Count day SQL Server

Question

I'm currently trying to solve a problem i have.

   | ID | Op | Object | STATE | Timestamp |
   | 01 | 1  | A      |   1   | 01-02-2016|
   | 02 | 1  | A      |   2   | 04-02-2016|
   | 03 | 1  | A      |   1   | 10-02-2016|
   | 04 | 1  | A      |   3   | 01-02-2016|
   | 05 | 2  | A      |   2   | 02-02-2016|
   | 06 | 3  | A      |   1   | 05-02-2016|
   | 07 | 3  | A      |   2   | 10-11-2016|

I need to write a SQL that return the count of days that an object past at STATE 2. Example, the object A, stay from 04-02 to 10-02 at STATE 2 + 02-02 to 05-02 and from 10-11 to TODAY so 6 day + 3 day + 4 day.

  SQL return 13

Currently make it by code but i need it in an SQL extract and i don't know how to proceed.

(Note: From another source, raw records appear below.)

(* The least fixed point $(T_\infty,P_\infty)$ of $\Gamma_{\mathscr{TP}}$ (the stage at which the sequence $(T_\alpha,P_\alpha)$ stabilizes) is consistent, i.e. $T_\infty^+\cap T_\infty^-=\emptyset$ and $P_\infty^+\cap P_\infty^-=\emptyset$, and (hence) sound, i.e. for every $\mathcal L$-sentence $\varphi$, either $(\mathbb N,T_\infty,P_\infty)\not\models_{SK}\varphi\vee\neg\varphi$ or $(\mathbb N,T_\infty,P_\infty)\not\models_{SK}\mathscr P(\varphi)$.
   Context: Language. Let $\mathcal L_{\mathbb N}$ be the language of first-order Peano arithmetic and $\mathcal L=\mathcal L_{\mathbb N}\cup\{\mathrm T,\mathrm P\}$ with unary predicates $\mathrm T,\mathrm P$. $\mathcal L$-formulas are in Tait style: literals are $s=t$, $s\neq t$, $\mathrm Tt$, $\neg\mathrm Tt$, $\mathrm Pt$, $\neg\mathrm Pt$; formulas are built from literals by $\wedge,\vee,\forall,\exists$; negation of an arbitrary formula is defined by De Morgan dualities with $\neg\neg\varphi:=\varphi$. A standard Gödel numbering is fixed; $\#e$ is the code of $e$, $\ulcorner e\urcorner$ the numeral of $\#e$, $\mathrm{val}(t)$ the value of a closed term $t$, $\dot\neg$ the primitive recursive function with $\dot\neg(\#\varphi)=\#\neg\varphi$; $\mathrm T\varphi,\mathrm P\varphi$ abbreviate $\mathrm T\ulcorner\varphi\urcorner,\mathrm P\ulcorner\varphi\urcorner$. Semantics. A partial model is $(\mathbb N,T,P)$ with $\mathbb N$ the standard model and $T=(T^+,T^-)$, $P=(P^+,P^-)$ pairs of subsets of $\omega$. Strong Kleene satisfaction $\models_{SK}$: arithmetic literals evaluated in $\mathbb N$; $\mathrm Tt$ satisfied iff $\mathrm{val}(t)\in T^+$, $\neg\mathrm Tt$ iff $\mathrm{val}(t)\in T^-$, likewise for $\mathrm P$ with $P^\pm$; conjunction iff both, disjunction iff at least one, $\forall x\varphi(x)$ iff all numeral instances, $\exists x\varphi(x)$ iff some numeral instance. Base paradoxicality. $\mathrm{PA}[\mathrm{SK}]$ is the two-sided sequent calculus for Strong Kleene logic with identity in $\mathcal L$ (initial sequents $\varphi\Rightarrow\varphi$, cut, weakening, the rule from $\Gamma\Rightarrow\Delta,\varphi$ infer $\neg\varphi,\Gamma\Rightarrow\Delta$, usual rules for $\wedge,\vee,\forall,\exists$, reflexivity $\Rightarrow t=t$, replacement from $\Gamma\Rightarrow\Delta,\varphi(t)$ infer $\Gamma\Rightarrow\Delta,s\neq t,\varphi(s)$) plus the initial sequents of Peano arithmetic and the induction rule for all $\mathcal L$-formulas. A sentence $\varphi$ is base paradoxical iff $\mathrm{PA}[\mathrm{SK}]$ derives $\varphi\Leftrightarrow\neg\mathrm T\varphi$ and $\neg\varphi\Leftrightarrow\mathrm T\varphi$ ($\Leftrightarrow$ meaning both sequents). $B(x)$ is an $\mathcal L_{\mathbb N}$-formula defining in $\mathbb N$ the set of codes of base paradoxical sentences, and $\Pi(x):=B(x)\vee B(\dot\neg x)$. Jump and sequence. Let $\mathscr P(x)$ be the $\mathcal L$-formula which is the disjunction of: (1) $x$ codes a sentence and $\Pi(x)$; (2) $x$ codes a sentence $\mathrm Tt$ ($t$ a closed term) and $\mathrm P(\mathrm{val}(t))$; (3) $x$ codes a sentence $\neg\mathrm Tt$ and $\mathrm P(\mathrm{val}(t))$; (4) $x$ codes a sentence $\psi\wedge\theta$ and $(\mathrm P\psi\wedge\mathrm P\theta)\vee(\mathrm T\psi\wedge\mathrm P\theta)\vee(\mathrm T\theta\wedge\mathrm P\psi)$; (5) $x$ codes a sentence $\psi\vee\theta$ and $(\mathrm P\psi\wedge\mathrm P\theta)\vee(\neg\mathrm T\psi\wedge\mathrm P\theta)\vee(\neg\mathrm T\theta\wedge\mathrm P\psi)$; (6) $x$ codes a sentence $\forall v\psi$ and $\exists y\,\mathrm P\psi(\dot y)\wedge\forall y(\mathrm P\psi(\dot y)\vee\mathrm T\psi(\dot y))$; (7) $x$ codes a sentence $\exists v\psi$ and $\exists y\,\mathrm P\psi(\dot y)\wedge\forall y(\mathrm P\psi(\dot y)\vee\neg\mathrm T\psi(\dot y))$; here $\psi(\dot y)$ is the code of the result of substituting the numeral of $y$ for $v$. Write $\mathscr P(\varphi)$ for $\mathscr P(\ulcorner\varphi\urcorner)$. Define $\Gamma_{\mathscr{TP}}(T,P)=\big((\{\#\varphi:(\mathbb N,T,P)\models_{SK}\varphi\},\{\#\varphi:(\mathbb N,T,P)\models_{SK}\neg\varphi\}),(\{\#\varphi:(\mathbb N,T,P)\models_{SK}\mathscr P(\varphi)\},\{\#\varphi:(\mathbb N,T,P)\models_{SK}\varphi\vee\neg\varphi\})\big)$, $\varphi$ ranging over $\mathcal L$-sentences. Define $(T_0,P_0)=((\emptyset,\emptyset),(\emptyset,\emptyset))$, $(T_{\beta+1},P_{\beta+1})=\Gamma_{\mathscr{TP}}(T_\beta,P_\beta)$, $(T_\lambda,P_\lambda)=\bigcup_{\beta<\lambda}(T_\beta,P_\beta)$ (componentwise union) for limit $\lambda$. This sequence reaches a fixed point $(T_\infty,P_\infty)=\Gamma_{\mathscr{TP}}(T_\infty,P_\infty)$. *)

theory Defs
  imports Main "HOL-Library.Product_Order"
begin

section \<open>Syntax of L = L_N + {T, P} (locally nameless, Tait style)\<close>

text \<open>Terms of the language of PA: free variables Fv, bound variables Bv (de Bruijn
indices), 0, successor, addition, multiplication.\<close>
datatype tm = Fv nat | Bv nat | Zero | Sc tm | Pl tm tm | Tm tm tm

text \<open>Tait-style formulas: literals, conjunction, disjunction, quantifiers.
Tr = T, NTr = not T, Pr = P, NPr = not P.\<close>
datatype fm = Eq tm tm | Neq tm tm | Tr tm | NTr tm | Pr tm | NPr tm
  | Conj fm fm | Disj fm fm | All fm | Ex fm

Is that possible by SQL?

Thank you

Answer 1

select object,
       sum(datediff(day, timestamp, coalesce(next_timestamp, getdate()) )) as days_state_2
from (select *,
             lead(timestamp) over (partition by object order by timestamp) as next_timestamp
      from #b
     ) t
where state = 2
group by object;

Answer 2

I think you want lead() along with aggregation and date logic:

select object,
       sum(case when state = 2 then datediff(day, timestamp, coalesce(next_timestamp, getdate()) )
                else 0
           end) as days_state_2
from (select t.*,
             lead(timestamp) over (partition by object order by timestamp) as next_timestamp
      from t
     ) t
group by object;

Or, you can move the filtering condition to the outer select:

select object,
       sum(datediff(day, timestamp, coalesce(next_timestamp, getdate()) )) as days_state_2
from (select t.*,
             lead(timestamp) over (partition by object order by timestamp) as next_timestamp
      from t
     ) t
where state = 2
group by object;